- [Task description]:
Nothing but the lines from the one containing "(\<forall>i. \<forall>w\<in>F. map" through the one containing "x = (\<Sum>i<n.", both included, should be given again, each exactly as written below.

- [Recorded data]:
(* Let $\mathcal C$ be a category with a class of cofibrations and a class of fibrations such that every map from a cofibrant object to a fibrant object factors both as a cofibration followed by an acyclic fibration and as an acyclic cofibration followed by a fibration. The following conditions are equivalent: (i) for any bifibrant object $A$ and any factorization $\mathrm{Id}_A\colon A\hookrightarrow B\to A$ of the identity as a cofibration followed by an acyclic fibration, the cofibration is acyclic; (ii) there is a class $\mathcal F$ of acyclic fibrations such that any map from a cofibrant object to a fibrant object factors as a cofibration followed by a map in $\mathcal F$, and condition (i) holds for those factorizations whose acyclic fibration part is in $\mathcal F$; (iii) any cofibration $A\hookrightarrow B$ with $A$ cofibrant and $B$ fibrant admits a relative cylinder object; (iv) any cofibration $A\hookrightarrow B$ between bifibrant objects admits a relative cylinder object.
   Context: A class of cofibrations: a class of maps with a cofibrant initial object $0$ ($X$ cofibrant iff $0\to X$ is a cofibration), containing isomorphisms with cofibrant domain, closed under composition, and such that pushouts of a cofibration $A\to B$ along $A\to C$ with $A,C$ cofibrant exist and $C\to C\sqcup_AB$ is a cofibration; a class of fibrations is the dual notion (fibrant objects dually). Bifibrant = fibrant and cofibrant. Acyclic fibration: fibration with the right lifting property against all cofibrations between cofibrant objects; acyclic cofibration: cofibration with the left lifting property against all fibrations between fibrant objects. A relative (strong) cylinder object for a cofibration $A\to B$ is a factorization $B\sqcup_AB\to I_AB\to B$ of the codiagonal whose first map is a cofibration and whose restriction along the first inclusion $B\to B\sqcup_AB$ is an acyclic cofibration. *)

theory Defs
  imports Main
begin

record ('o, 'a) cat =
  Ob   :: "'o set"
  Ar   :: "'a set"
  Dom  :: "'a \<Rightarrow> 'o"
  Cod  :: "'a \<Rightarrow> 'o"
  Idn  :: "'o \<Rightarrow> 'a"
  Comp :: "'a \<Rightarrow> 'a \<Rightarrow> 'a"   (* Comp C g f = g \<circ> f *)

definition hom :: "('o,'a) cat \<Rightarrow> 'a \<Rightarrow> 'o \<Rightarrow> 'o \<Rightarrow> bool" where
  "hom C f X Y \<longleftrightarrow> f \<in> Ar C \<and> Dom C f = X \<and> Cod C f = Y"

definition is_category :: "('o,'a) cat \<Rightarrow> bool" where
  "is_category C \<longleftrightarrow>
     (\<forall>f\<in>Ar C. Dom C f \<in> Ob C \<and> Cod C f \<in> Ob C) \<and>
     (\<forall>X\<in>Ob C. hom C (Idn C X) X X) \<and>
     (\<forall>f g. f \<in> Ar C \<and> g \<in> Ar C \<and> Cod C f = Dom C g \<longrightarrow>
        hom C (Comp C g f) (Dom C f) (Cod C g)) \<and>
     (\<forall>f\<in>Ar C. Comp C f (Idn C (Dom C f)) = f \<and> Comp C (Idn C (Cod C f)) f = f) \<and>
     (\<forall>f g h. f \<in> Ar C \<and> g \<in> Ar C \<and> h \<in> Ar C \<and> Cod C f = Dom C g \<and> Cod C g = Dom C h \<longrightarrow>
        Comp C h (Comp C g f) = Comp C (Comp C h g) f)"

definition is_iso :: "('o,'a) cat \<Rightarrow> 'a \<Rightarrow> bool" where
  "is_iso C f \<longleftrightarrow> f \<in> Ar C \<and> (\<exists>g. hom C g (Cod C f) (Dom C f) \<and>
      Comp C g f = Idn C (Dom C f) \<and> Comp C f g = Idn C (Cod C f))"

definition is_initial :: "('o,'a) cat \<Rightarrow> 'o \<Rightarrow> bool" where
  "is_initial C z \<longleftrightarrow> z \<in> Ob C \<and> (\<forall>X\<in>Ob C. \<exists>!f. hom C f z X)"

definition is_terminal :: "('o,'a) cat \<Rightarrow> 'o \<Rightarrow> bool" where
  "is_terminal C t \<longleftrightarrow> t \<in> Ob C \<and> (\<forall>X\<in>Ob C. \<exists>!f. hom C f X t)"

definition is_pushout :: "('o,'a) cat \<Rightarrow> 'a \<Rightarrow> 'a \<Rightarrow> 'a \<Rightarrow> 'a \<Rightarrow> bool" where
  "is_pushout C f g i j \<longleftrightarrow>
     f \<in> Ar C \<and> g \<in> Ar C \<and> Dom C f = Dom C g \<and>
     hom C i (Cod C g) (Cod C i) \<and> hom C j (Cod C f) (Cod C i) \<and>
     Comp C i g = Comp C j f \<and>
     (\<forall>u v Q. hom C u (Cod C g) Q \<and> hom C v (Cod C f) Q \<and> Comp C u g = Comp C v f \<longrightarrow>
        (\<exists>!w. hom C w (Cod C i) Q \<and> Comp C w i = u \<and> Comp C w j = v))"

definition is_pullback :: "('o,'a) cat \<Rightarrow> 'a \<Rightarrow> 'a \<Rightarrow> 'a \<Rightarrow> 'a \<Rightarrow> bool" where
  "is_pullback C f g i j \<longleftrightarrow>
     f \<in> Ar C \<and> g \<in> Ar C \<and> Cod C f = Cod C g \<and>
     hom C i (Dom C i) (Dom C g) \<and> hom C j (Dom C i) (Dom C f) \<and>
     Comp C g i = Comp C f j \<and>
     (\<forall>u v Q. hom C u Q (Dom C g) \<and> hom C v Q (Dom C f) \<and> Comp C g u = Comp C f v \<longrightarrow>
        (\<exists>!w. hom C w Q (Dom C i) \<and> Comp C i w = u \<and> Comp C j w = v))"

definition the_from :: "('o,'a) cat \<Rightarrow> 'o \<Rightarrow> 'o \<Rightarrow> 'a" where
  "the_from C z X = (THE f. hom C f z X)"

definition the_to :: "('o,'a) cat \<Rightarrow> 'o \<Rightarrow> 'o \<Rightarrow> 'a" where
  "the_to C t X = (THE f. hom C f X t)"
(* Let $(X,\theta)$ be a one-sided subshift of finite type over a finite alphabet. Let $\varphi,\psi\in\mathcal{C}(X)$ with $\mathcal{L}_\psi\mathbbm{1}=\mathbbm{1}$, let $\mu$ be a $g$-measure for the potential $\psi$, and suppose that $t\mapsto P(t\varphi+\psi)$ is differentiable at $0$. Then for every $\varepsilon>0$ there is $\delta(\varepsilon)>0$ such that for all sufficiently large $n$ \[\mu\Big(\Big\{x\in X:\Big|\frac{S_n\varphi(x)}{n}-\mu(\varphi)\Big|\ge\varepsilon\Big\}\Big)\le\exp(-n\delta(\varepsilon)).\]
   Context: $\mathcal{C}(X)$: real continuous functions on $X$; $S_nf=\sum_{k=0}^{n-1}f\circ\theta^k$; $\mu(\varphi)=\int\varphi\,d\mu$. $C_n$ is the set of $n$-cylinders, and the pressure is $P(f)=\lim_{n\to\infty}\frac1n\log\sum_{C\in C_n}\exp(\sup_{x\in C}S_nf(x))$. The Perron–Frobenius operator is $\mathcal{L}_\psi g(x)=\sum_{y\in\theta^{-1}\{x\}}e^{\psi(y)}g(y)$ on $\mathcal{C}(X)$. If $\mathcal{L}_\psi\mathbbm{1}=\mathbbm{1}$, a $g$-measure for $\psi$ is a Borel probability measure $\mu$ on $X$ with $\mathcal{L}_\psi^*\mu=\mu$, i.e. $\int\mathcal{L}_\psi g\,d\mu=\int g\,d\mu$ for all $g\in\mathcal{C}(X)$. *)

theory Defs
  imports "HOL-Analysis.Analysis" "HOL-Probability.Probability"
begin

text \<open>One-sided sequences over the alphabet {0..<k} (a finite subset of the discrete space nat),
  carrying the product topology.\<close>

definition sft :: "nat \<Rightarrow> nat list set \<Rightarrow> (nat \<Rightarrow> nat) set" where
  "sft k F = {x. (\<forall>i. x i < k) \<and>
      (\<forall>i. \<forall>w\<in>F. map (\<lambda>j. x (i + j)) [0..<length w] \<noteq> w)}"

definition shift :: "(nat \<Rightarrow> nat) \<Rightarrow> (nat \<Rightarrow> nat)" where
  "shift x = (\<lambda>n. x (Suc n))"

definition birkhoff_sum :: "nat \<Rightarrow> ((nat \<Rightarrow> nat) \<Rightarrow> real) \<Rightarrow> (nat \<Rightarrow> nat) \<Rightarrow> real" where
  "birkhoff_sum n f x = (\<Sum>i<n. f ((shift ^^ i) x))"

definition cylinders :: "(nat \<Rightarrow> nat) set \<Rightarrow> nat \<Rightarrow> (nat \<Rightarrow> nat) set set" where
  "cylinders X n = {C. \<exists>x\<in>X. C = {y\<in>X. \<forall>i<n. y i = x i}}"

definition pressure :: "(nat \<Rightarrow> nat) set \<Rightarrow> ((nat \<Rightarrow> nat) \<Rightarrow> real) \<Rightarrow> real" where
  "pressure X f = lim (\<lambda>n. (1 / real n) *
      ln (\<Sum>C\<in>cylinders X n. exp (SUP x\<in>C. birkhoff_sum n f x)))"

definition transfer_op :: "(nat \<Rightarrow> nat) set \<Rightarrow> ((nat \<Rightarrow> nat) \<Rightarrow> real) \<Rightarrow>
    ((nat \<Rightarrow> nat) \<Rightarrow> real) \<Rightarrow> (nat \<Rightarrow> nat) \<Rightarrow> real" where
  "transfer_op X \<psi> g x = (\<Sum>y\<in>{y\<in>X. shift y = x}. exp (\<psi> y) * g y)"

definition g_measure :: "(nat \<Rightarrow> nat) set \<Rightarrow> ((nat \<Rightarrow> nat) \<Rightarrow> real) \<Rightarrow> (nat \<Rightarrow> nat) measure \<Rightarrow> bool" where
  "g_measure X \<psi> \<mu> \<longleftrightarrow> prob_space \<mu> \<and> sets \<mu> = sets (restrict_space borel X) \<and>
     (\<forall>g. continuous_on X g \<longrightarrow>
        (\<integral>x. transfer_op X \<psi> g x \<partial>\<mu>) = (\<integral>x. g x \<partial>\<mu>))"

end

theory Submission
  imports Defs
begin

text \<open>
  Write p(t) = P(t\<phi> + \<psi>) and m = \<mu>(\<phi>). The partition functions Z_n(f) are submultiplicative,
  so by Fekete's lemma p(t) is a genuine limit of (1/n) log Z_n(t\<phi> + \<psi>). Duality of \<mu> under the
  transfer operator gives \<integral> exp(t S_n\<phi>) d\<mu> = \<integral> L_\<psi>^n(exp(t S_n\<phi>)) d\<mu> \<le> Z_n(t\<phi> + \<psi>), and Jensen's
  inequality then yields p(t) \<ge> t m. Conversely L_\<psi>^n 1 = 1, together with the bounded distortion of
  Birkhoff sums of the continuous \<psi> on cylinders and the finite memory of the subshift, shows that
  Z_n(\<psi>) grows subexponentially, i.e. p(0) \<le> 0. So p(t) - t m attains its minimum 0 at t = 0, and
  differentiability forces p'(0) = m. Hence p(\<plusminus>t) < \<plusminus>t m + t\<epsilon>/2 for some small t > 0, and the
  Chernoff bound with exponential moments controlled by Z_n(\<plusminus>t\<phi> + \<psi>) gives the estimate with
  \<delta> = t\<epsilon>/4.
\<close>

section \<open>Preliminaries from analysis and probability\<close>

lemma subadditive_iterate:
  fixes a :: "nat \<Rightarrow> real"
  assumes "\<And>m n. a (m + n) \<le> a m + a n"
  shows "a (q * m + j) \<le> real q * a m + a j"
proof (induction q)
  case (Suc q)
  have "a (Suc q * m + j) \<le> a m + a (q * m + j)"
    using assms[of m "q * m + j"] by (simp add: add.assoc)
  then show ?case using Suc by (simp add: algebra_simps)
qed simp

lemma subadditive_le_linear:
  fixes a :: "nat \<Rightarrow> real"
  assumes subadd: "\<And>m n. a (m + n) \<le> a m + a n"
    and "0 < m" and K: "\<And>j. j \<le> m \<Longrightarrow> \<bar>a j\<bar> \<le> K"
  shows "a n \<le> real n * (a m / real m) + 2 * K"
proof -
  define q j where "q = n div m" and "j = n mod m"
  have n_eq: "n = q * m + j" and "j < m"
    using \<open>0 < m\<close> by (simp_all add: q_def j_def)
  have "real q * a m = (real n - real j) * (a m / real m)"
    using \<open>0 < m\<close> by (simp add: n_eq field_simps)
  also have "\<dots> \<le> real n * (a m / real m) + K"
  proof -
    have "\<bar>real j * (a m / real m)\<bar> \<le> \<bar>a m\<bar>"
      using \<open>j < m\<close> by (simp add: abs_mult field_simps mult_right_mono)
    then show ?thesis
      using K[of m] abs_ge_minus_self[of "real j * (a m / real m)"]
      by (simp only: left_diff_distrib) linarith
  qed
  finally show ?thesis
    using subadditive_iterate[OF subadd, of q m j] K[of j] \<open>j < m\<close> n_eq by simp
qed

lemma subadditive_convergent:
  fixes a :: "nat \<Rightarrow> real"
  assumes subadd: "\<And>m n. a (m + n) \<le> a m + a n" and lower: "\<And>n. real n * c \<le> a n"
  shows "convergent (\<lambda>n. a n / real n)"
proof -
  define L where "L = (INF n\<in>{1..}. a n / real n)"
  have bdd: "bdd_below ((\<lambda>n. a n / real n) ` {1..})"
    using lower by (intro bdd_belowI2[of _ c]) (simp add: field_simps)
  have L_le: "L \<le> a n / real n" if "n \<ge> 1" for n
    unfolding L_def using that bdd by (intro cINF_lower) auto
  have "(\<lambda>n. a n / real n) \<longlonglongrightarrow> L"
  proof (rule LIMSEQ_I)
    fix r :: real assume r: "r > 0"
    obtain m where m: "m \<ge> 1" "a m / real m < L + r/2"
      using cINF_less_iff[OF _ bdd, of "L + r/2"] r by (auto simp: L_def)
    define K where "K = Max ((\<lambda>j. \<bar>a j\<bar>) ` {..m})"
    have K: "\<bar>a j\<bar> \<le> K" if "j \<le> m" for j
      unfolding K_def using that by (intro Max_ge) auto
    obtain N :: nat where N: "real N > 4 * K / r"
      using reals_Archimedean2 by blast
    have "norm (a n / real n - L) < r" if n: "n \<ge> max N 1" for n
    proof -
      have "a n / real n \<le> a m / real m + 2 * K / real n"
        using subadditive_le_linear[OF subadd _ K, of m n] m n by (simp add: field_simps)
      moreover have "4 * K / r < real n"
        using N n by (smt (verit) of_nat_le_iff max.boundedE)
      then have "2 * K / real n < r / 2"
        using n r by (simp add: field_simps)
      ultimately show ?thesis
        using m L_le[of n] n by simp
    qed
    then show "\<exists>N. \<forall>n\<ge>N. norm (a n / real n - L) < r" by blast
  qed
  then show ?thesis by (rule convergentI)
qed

- [Reply to the task]:
      (\<forall>i. \<forall>w\<in>F. map (\<lambda>j. x (i + j)) [0..<length w] \<noteq> w)}"

definition shift :: "(nat \<Rightarrow> nat) \<Rightarrow> (nat \<Rightarrow> nat)" where
  "shift x = (\<lambda>n. x (Suc n))"

definition birkhoff_sum :: "nat \<Rightarrow> ((nat \<Rightarrow> nat) \<Rightarrow> real) \<Rightarrow> (nat \<Rightarrow> nat) \<Rightarrow> real" where
  "birkhoff_sum n f x = (\<Sum>i<n. f ((shift ^^ i) x))"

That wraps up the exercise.